§ **Exercise details**: Each entry below is to be transcribed exactly.

(Items listed in a dataset)
##########
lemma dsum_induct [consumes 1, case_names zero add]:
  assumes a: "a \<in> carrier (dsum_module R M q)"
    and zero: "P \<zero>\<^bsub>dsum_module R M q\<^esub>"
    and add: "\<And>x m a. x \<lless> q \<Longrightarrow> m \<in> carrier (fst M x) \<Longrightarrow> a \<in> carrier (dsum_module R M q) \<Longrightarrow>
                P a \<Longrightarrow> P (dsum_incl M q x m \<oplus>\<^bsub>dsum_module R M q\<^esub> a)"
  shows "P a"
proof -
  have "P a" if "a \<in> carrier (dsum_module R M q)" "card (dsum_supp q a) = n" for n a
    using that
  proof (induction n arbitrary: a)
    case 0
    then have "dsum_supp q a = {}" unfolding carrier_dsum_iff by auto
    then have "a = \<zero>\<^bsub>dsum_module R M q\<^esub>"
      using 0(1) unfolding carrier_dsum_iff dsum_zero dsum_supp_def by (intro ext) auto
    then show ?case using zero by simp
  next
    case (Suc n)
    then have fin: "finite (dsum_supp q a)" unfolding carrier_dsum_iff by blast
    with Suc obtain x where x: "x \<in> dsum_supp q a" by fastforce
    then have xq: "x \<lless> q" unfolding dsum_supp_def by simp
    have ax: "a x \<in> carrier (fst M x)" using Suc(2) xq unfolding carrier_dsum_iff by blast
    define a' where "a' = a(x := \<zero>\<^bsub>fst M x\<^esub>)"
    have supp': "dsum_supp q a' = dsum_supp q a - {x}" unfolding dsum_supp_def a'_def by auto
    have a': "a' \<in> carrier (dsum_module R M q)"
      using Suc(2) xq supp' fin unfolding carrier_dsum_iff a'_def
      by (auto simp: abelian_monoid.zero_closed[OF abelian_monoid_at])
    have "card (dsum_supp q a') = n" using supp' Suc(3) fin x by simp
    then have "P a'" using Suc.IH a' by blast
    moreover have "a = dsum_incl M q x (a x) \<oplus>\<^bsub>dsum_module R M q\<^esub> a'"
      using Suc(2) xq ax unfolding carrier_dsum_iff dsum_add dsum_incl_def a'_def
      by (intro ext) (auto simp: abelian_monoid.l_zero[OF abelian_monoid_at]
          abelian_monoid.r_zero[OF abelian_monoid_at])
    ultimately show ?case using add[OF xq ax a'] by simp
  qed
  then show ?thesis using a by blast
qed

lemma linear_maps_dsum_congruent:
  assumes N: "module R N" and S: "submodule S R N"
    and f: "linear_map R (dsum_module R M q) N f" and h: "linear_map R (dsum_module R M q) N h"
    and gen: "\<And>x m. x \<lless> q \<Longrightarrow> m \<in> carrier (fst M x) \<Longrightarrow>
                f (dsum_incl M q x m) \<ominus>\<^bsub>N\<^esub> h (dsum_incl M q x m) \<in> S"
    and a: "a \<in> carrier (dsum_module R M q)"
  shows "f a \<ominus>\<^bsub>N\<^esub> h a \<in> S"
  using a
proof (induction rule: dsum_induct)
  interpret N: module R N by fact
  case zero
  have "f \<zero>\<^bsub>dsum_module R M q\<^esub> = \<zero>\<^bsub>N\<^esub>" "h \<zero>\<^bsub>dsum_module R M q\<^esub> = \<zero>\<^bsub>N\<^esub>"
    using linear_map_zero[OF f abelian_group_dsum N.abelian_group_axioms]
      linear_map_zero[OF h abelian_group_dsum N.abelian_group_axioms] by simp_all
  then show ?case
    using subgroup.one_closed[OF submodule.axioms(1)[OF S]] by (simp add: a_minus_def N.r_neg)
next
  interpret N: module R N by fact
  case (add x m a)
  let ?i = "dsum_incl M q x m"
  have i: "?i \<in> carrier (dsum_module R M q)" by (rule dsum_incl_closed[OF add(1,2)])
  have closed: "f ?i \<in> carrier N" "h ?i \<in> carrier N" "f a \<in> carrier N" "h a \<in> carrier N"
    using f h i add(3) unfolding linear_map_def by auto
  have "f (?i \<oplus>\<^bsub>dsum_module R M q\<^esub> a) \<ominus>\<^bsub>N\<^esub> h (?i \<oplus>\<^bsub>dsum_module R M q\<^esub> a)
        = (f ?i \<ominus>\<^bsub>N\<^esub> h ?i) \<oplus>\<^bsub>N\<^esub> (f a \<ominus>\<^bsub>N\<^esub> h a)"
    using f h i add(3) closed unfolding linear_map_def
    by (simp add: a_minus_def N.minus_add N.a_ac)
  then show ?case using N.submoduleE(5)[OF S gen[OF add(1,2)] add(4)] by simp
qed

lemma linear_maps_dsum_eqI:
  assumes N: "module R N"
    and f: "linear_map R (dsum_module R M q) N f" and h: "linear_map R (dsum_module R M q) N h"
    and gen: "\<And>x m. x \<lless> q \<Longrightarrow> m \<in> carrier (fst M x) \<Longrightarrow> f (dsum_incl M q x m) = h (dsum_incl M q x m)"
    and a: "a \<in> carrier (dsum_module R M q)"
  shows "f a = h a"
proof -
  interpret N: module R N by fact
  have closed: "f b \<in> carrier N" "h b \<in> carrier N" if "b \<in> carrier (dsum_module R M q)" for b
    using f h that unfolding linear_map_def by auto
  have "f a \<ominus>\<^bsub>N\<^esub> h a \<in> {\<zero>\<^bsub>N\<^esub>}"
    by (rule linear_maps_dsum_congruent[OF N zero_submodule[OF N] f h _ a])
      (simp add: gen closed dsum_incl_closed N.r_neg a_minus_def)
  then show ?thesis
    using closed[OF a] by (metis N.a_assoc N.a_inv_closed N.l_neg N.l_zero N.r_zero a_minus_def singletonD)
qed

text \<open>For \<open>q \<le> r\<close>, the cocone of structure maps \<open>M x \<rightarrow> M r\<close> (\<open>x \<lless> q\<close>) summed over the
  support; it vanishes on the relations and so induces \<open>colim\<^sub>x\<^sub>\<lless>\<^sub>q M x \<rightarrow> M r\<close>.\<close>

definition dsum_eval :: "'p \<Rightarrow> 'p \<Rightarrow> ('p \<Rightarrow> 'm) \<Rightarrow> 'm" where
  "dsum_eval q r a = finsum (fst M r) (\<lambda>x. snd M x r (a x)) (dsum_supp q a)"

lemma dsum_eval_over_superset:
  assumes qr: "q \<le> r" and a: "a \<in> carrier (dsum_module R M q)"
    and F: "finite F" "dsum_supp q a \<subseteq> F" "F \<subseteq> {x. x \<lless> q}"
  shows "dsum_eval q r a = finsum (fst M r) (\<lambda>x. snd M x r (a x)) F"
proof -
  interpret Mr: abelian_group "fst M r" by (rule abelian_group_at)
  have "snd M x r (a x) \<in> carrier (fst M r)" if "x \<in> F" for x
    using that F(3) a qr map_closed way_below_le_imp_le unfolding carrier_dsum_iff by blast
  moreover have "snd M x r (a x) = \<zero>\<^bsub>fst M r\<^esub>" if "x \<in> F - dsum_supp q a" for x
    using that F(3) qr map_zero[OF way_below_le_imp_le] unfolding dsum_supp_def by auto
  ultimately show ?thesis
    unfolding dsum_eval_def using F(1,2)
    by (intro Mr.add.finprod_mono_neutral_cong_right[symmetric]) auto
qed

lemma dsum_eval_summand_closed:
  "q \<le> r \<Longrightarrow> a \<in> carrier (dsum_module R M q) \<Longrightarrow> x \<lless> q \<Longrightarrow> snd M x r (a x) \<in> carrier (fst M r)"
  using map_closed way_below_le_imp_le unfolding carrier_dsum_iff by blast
##########
§ **Output**:
lemma dsum_induct [consumes 1, case_names zero add]:
  assumes a: "a \<in> carrier (dsum_module R M q)"
    and zero: "P \<zero>\<^bsub>dsum_module R M q\<^esub>"
    and add: "\<And>x m a. x \<lless> q \<Longrightarrow> m \<in> carrier (fst M x) \<Longrightarrow> a \<in> carrier (dsum_module R M q) \<Longrightarrow>
                P a \<Longrightarrow> P (dsum_incl M q x m \<oplus>\<^bsub>dsum_module R M q\<^esub> a)"
  shows "P a"
proof -
  have "P a" if "a \<in> carrier (dsum_module R M q)" "card (dsum_supp q a) = n" for n a
    using that
  proof (induction n arbitrary: a)
    case 0
    then have "dsum_supp q a = {}" unfolding carrier_dsum_iff by auto
    then have "a = \<zero>\<^bsub>dsum_module R M q\<^esub>"
      using 0(1) unfolding carrier_dsum_iff dsum_zero dsum_supp_def by (intro ext) auto
    then show ?case using zero by simp
  next
    case (Suc n)
    then have fin: "finite (dsum_supp q a)" unfolding carrier_dsum_iff by blast
    with Suc obtain x where x: "x \<in> dsum_supp q a" by fastforce
    then have xq: "x \<lless> q" unfolding dsum_supp_def by simp
    have ax: "a x \<in> carrier (fst M x)" using Suc(2) xq unfolding carrier_dsum_iff by blast
    define a' where "a' = a(x := \<zero>\<^bsub>fst M x\<^esub>)"
    have supp': "dsum_supp q a' = dsum_supp q a - {x}" unfolding dsum_supp_def a'_def by auto
    have a': "a' \<in> carrier (dsum_module R M q)"
      using Suc(2) xq supp' fin unfolding carrier_dsum_iff a'_def
      by (auto simp: abelian_monoid.zero_closed[OF abelian_monoid_at])
    have "card (dsum_supp q a') = n" using supp' Suc(3) fin x by simp
    then have "P a'" using Suc.IH a' by blast
    moreover have "a = dsum_incl M q x (a x) \<oplus>\<^bsub>dsum_module R M q\<^esub> a'"
      using Suc(2) xq ax unfolding carrier_dsum_iff dsum_add dsum_incl_def a'_def
      by (intro ext) (auto simp: abelian_monoid.l_zero[OF abelian_monoid_at]
          abelian_monoid.r_zero[OF abelian_monoid_at])
    ultimately show ?case using add[OF xq ax a'] by simp
  qed
  then show ?thesis using a by blast
qed

lemma linear_maps_dsum_congruent:
  assumes N: "module R N" and S: "submodule S R N"
    and f: "linear_map R (dsum_module R M q) N f" and h: "linear_map R (dsum_module R M q) N h"
    and gen: "\<And>x m. x \<lless> q \<Longrightarrow> m \<in> carrier (fst M x) \<Longrightarrow>
                f (dsum_incl M q x m) \<ominus>\<^bsub>N\<^esub> h (dsum_incl M q x m) \<in> S"
    and a: "a \<in> carrier (dsum_module R M q)"
  shows "f a \<ominus>\<^bsub>N\<^esub> h a \<in> S"
  using a
proof (induction rule: dsum_induct)
  interpret N: module R N by fact
  case zero
  have "f \<zero>\<^bsub>dsum_module R M q\<^esub> = \<zero>\<^bsub>N\<^esub>" "h \<zero>\<^bsub>dsum_module R M q\<^esub> = \<zero>\<^bsub>N\<^esub>"
    using linear_map_zero[OF f abelian_group_dsum N.abelian_group_axioms]
      linear_map_zero[OF h abelian_group_dsum N.abelian_group_axioms] by simp_all
  then show ?case
    using subgroup.one_closed[OF submodule.axioms(1)[OF S]] by (simp add: a_minus_def N.r_neg)
next
  interpret N: module R N by fact
  case (add x m a)
  let ?i = "dsum_incl M q x m"
  have i: "?i \<in> carrier (dsum_module R M q)" by (rule dsum_incl_closed[OF add(1,2)])
  have closed: "f ?i \<in> carrier N" "h ?i \<in> carrier N" "f a \<in> carrier N" "h a \<in> carrier N"
    using f h i add(3) unfolding linear_map_def by auto
  have "f (?i \<oplus>\<^bsub>dsum_module R M q\<^esub> a) \<ominus>\<^bsub>N\<^esub> h (?i \<oplus>\<^bsub>dsum_module R M q\<^esub> a)
        = (f ?i \<ominus>\<^bsub>N\<^esub> h ?i) \<oplus>\<^bsub>N\<^esub> (f a \<ominus>\<^bsub>N\<^esub> h a)"
    using f h i add(3) closed unfolding linear_map_def
    by (simp add: a_minus_def N.minus_add N.a_ac)
  then show ?case using N.submoduleE(5)[OF S gen[OF add(1,2)] add(4)] by simp
qed

lemma linear_maps_dsum_eqI:
  assumes N: "module R N"
    and f: "linear_map R (dsum_module R M q) N f" and h: "linear_map R (dsum_module R M q) N h"
    and gen: "\<And>x m. x \<lless> q \<Longrightarrow> m \<in> carrier (fst M x) \<Longrightarrow> f (dsum_incl M q x m) = h (dsum_incl M q x m)"
    and a: "a \<in> carrier (dsum_module R M q)"
  shows "f a = h a"
proof -
  interpret N: module R N by fact
  have closed: "f b \<in> carrier N" "h b \<in> carrier N" if "b \<in> carrier (dsum_module R M q)" for b
    using f h that unfolding linear_map_def by auto
  have "f a \<ominus>\<^bsub>N\<^esub> h a \<in> {\<zero>\<^bsub>N\<^esub>}"
    by (rule linear_maps_dsum_congruent[OF N zero_submodule[OF N] f h _ a])
      (simp add: gen closed dsum_incl_closed N.r_neg a_minus_def)
  then show ?thesis
    using closed[OF a] by (metis N.a_assoc N.a_inv_closed N.l_neg N.l_zero N.r_zero a_minus_def singletonD)
qed

text \<open>For \<open>q \<le> r\<close>, the cocone of structure maps \<open>M x \<rightarrow> M r\<close> (\<open>x \<lless> q\<close>) summed over the
  support; it vanishes on the relations and so induces \<open>colim\<^sub>x\<^sub>\<lless>\<^sub>q M x \<rightarrow> M r\<close>.\<close>

definition dsum_eval :: "'p \<Rightarrow> 'p \<Rightarrow> ('p \<Rightarrow> 'm) \<Rightarrow> 'm" where
  "dsum_eval q r a = finsum (fst M r) (\<lambda>x. snd M x r (a x)) (dsum_supp q a)"

lemma dsum_eval_over_superset:
  assumes qr: "q \<le> r" and a: "a \<in> carrier (dsum_module R M q)"
    and F: "finite F" "dsum_supp q a \<subseteq> F" "F \<subseteq> {x. x \<lless> q}"
  shows "dsum_eval q r a = finsum (fst M r) (\<lambda>x. snd M x r (a x)) F"
proof -
  interpret Mr: abelian_group "fst M r" by (rule abelian_group_at)
  have "snd M x r (a x) \<in> carrier (fst M r)" if "x \<in> F" for x
    using that F(3) a qr map_closed way_below_le_imp_le unfolding carrier_dsum_iff by blast
  moreover have "snd M x r (a x) = \<zero>\<^bsub>fst M r\<^esub>" if "x \<in> F - dsum_supp q a" for x
    using that F(3) qr map_zero[OF way_below_le_imp_le] unfolding dsum_supp_def by auto
  ultimately show ?thesis
    unfolding dsum_eval_def using F(1,2)
    by (intro Mr.add.finprod_mono_neutral_cong_right[symmetric]) auto
qed

lemma dsum_eval_summand_closed:
  "q \<le> r \<Longrightarrow> a \<in> carrier (dsum_module R M q) \<Longrightarrow> x \<lless> q \<Longrightarrow> snd M x r (a x) \<in> carrier (fst M r)"
  using map_closed way_below_le_imp_le unfolding carrier_dsum_iff by blast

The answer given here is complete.